Start of Given records

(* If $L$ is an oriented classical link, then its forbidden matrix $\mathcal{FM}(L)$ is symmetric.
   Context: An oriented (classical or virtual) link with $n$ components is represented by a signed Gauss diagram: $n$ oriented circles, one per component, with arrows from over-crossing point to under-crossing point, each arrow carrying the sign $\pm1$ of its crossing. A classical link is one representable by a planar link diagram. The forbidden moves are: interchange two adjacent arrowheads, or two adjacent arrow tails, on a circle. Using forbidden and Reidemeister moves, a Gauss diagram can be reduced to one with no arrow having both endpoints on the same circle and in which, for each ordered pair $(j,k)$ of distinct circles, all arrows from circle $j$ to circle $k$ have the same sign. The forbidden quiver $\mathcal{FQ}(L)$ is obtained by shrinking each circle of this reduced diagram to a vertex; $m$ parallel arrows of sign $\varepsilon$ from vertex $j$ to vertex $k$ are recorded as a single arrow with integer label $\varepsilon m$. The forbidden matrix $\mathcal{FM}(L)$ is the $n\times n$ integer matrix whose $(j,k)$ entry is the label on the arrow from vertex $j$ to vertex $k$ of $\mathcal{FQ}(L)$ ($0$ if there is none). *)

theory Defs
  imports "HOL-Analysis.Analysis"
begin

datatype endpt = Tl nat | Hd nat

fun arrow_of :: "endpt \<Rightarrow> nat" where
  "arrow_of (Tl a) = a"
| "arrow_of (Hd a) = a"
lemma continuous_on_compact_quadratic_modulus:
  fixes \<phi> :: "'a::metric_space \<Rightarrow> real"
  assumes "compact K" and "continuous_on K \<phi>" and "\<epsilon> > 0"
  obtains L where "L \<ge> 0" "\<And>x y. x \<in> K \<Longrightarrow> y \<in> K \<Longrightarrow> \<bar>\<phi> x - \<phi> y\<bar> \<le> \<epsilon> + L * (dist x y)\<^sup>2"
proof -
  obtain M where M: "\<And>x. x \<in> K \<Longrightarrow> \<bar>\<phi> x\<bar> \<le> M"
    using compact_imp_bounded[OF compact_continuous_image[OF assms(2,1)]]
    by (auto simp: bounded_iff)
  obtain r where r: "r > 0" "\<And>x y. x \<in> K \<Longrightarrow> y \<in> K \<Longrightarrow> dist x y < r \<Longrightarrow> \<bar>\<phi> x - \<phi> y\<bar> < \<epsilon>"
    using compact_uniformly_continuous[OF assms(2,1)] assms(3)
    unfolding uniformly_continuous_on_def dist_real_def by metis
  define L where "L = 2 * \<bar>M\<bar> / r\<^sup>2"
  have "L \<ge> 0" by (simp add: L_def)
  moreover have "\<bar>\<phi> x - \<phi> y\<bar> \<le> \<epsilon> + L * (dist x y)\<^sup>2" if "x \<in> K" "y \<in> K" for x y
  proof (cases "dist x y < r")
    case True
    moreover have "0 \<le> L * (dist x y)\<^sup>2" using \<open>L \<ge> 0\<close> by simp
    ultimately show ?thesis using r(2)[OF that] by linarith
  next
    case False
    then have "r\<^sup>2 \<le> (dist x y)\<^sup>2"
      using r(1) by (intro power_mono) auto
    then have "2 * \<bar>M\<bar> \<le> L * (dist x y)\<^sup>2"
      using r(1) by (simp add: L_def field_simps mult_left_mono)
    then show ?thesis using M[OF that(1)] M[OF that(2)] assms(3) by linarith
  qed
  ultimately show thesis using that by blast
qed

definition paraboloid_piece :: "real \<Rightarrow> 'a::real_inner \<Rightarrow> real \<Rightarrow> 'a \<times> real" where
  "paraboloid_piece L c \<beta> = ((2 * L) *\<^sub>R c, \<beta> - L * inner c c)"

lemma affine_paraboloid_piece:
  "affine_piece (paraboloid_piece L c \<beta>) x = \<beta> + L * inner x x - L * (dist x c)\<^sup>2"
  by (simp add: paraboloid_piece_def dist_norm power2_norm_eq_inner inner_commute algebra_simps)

End of Given records

- Assignment: Print out each line of the data exactly.

- Solution for this problem:
(* If $L$ is an oriented classical link, then its forbidden matrix $\mathcal{FM}(L)$ is symmetric.
   Context: An oriented (classical or virtual) link with $n$ components is represented by a signed Gauss diagram: $n$ oriented circles, one per component, with arrows from over-crossing point to under-crossing point, each arrow carrying the sign $\pm1$ of its crossing. A classical link is one representable by a planar link diagram. The forbidden moves are: interchange two adjacent arrowheads, or two adjacent arrow tails, on a circle. Using forbidden and Reidemeister moves, a Gauss diagram can be reduced to one with no arrow having both endpoints on the same circle and in which, for each ordered pair $(j,k)$ of distinct circles, all arrows from circle $j$ to circle $k$ have the same sign. The forbidden quiver $\mathcal{FQ}(L)$ is obtained by shrinking each circle of this reduced diagram to a vertex; $m$ parallel arrows of sign $\varepsilon$ from vertex $j$ to vertex $k$ are recorded as a single arrow with integer label $\varepsilon m$. The forbidden matrix $\mathcal{FM}(L)$ is the $n\times n$ integer matrix whose $(j,k)$ entry is the label on the arrow from vertex $j$ to vertex $k$ of $\mathcal{FQ}(L)$ ($0$ if there is none). *)

theory Defs
  imports "HOL-Analysis.Analysis"
begin

datatype endpt = Tl nat | Hd nat

fun arrow_of :: "endpt \<Rightarrow> nat" where
  "arrow_of (Tl a) = a"
| "arrow_of (Hd a) = a"
lemma continuous_on_compact_quadratic_modulus:
  fixes \<phi> :: "'a::metric_space \<Rightarrow> real"
  assumes "compact K" and "continuous_on K \<phi>" and "\<epsilon> > 0"
  obtains L where "L \<ge> 0" "\<And>x y. x \<in> K \<Longrightarrow> y \<in> K \<Longrightarrow> \<bar>\<phi> x - \<phi> y\<bar> \<le> \<epsilon> + L * (dist x y)\<^sup>2"
proof -
  obtain M where M: "\<And>x. x \<in> K \<Longrightarrow> \<bar>\<phi> x\<bar> \<le> M"
    using compact_imp_bounded[OF compact_continuous_image[OF assms(2,1)]]
    by (auto simp: bounded_iff)
  obtain r where r: "r > 0" "\<And>x y. x \<in> K \<Longrightarrow> y \<in> K \<Longrightarrow> dist x y < r \<Longrightarrow> \<bar>\<phi> x - \<phi> y\<bar> < \<epsilon>"
    using compact_uniformly_continuous[OF assms(2,1)] assms(3)
    unfolding uniformly_continuous_on_def dist_real_def by metis
  define L where "L = 2 * \<bar>M\<bar> / r\<^sup>2"
  have "L \<ge> 0" by (simp add: L_def)
  moreover have "\<bar>\<phi> x - \<phi> y\<bar> \<le> \<epsilon> + L * (dist x y)\<^sup>2" if "x \<in> K" "y \<in> K" for x y
  proof (cases "dist x y < r")
    case True
    moreover have "0 \<le> L * (dist x y)\<^sup>2" using \<open>L \<ge> 0\<close> by simp
    ultimately show ?thesis using r(2)[OF that] by linarith
  next
    case False
    then have "r\<^sup>2 \<le> (dist x y)\<^sup>2"
      using r(1) by (intro power_mono) auto
    then have "2 * \<bar>M\<bar> \<le> L * (dist x y)\<^sup>2"
      using r(1) by (simp add: L_def field_simps mult_left_mono)
    then show ?thesis using M[OF that(1)] M[OF that(2)] assms(3) by linarith
  qed
  ultimately show thesis using that by blast
qed

definition paraboloid_piece :: "real \<Rightarrow> 'a::real_inner \<Rightarrow> real \<Rightarrow> 'a \<times> real" where
  "paraboloid_piece L c \<beta> = ((2 * L) *\<^sub>R c, \<beta> - L * inner c c)"

lemma affine_paraboloid_piece:
  "affine_piece (paraboloid_piece L c \<beta>) x = \<beta> + L * inner x x - L * (dist x c)\<^sup>2"
  by (simp add: paraboloid_piece_def dist_norm power2_norm_eq_inner inner_commute algebra_simps)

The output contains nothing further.